Task prompt:
Copy each line of the records below that mentions the word "auto".

╭─ Given records

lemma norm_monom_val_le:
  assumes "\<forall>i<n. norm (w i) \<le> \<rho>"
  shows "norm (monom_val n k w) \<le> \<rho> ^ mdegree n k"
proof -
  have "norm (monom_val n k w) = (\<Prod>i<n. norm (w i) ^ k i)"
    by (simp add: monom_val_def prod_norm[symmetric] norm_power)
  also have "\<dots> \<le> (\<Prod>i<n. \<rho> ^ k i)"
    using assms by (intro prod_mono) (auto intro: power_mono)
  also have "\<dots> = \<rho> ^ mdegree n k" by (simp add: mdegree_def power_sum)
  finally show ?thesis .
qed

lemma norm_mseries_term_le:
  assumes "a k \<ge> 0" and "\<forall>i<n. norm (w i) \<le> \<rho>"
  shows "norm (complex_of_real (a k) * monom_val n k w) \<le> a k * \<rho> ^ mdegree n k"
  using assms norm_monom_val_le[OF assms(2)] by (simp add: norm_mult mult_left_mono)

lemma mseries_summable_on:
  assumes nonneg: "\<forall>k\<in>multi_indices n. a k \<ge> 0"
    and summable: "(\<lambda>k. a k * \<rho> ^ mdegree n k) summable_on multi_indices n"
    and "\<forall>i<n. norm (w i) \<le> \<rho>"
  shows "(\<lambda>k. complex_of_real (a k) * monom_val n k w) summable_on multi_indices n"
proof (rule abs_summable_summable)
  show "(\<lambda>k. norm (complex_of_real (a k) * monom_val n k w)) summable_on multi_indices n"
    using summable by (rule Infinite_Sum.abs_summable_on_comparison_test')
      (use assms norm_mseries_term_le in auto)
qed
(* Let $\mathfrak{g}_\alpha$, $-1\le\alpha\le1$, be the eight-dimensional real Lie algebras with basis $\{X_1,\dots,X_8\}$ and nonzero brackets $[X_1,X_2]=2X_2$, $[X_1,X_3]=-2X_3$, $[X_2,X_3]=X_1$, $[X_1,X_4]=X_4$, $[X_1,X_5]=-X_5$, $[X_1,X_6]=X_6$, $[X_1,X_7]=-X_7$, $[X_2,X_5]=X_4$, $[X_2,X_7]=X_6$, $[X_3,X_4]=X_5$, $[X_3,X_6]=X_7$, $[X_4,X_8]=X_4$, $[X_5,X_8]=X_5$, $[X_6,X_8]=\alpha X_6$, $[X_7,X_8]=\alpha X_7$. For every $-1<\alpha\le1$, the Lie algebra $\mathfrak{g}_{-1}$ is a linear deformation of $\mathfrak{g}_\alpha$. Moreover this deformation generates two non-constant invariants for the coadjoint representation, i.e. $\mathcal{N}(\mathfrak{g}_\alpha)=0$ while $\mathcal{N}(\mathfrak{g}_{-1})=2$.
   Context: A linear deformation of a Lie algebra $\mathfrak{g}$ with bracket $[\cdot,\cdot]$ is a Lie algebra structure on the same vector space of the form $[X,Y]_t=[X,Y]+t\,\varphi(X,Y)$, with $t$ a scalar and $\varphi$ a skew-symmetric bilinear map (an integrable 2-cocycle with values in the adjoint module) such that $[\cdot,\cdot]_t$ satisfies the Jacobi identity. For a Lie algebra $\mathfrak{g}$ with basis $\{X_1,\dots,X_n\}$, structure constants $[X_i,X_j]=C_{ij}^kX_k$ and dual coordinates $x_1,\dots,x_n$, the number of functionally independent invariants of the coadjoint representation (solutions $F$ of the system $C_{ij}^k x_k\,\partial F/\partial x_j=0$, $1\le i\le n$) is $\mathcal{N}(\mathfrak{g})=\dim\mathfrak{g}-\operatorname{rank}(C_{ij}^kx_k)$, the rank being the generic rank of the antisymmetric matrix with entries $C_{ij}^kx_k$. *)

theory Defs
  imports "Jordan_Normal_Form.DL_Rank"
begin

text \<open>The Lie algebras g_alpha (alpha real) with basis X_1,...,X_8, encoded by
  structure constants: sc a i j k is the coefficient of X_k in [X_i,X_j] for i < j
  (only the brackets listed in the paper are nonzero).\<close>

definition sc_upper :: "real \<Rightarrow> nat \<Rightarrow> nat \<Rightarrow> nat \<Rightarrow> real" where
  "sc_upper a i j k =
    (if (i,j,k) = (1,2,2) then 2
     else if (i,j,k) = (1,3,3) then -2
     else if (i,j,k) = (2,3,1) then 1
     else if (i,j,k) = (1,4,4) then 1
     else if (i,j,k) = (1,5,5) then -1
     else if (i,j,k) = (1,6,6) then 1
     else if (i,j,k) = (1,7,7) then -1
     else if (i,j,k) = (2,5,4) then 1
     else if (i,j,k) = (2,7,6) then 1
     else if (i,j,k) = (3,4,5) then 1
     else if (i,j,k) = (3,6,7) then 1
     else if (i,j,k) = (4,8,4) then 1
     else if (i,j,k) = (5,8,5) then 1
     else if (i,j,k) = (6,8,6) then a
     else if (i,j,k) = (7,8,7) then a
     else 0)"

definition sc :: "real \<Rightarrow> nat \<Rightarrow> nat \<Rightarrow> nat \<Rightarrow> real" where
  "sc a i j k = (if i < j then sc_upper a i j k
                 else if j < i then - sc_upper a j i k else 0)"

╰─
╭─ Given records

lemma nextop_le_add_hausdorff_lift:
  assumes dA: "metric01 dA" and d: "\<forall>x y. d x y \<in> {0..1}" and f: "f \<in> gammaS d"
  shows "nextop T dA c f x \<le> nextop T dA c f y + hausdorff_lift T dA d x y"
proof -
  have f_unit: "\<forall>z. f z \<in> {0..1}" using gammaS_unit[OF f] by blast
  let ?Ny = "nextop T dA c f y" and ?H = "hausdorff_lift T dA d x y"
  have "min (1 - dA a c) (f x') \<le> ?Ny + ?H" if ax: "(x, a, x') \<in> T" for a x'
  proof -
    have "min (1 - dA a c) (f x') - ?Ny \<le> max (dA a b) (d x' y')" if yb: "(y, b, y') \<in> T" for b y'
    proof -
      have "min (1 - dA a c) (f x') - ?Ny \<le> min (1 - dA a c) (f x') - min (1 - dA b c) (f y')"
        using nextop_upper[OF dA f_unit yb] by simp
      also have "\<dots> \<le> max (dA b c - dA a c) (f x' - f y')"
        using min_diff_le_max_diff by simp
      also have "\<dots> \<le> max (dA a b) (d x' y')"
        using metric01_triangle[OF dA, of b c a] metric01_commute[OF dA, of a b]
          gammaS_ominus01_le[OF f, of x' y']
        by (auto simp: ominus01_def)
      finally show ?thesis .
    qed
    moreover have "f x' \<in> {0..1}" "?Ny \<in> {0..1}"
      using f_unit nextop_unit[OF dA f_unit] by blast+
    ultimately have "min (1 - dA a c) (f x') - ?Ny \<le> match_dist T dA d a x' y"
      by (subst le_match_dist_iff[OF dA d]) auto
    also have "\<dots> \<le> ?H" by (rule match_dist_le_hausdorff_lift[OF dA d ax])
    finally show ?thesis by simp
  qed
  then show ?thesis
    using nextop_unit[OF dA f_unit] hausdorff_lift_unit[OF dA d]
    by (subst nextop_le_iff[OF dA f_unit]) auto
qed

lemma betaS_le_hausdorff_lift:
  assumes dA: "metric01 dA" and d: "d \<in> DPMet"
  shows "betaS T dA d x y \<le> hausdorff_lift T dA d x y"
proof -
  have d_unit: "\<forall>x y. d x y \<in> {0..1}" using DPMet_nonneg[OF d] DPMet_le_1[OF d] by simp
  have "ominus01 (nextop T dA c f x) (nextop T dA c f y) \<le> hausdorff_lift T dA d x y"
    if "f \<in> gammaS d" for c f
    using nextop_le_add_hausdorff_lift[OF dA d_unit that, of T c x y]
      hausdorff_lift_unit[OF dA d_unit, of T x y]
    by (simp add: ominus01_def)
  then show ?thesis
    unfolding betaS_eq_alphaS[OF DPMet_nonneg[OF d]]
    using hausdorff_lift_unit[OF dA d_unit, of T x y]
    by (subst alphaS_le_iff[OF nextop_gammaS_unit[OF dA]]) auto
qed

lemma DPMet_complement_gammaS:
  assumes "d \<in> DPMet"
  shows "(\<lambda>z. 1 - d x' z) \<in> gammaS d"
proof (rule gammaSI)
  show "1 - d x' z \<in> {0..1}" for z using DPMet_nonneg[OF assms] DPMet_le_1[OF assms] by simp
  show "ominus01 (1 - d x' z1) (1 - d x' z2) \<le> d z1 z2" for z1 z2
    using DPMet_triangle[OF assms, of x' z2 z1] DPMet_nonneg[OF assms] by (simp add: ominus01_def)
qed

╰─

Answer:
    using assms by (intro prod_mono) (auto intro: power_mono)
      (use assms norm_mseries_term_le in auto)
        by (auto simp: ominus01_def)
      by (subst le_match_dist_iff[OF dA d]) auto
    by (subst nextop_le_iff[OF dA f_unit]) auto
    by (subst alphaS_le_iff[OF nextop_gammaS_unit[OF dA]]) auto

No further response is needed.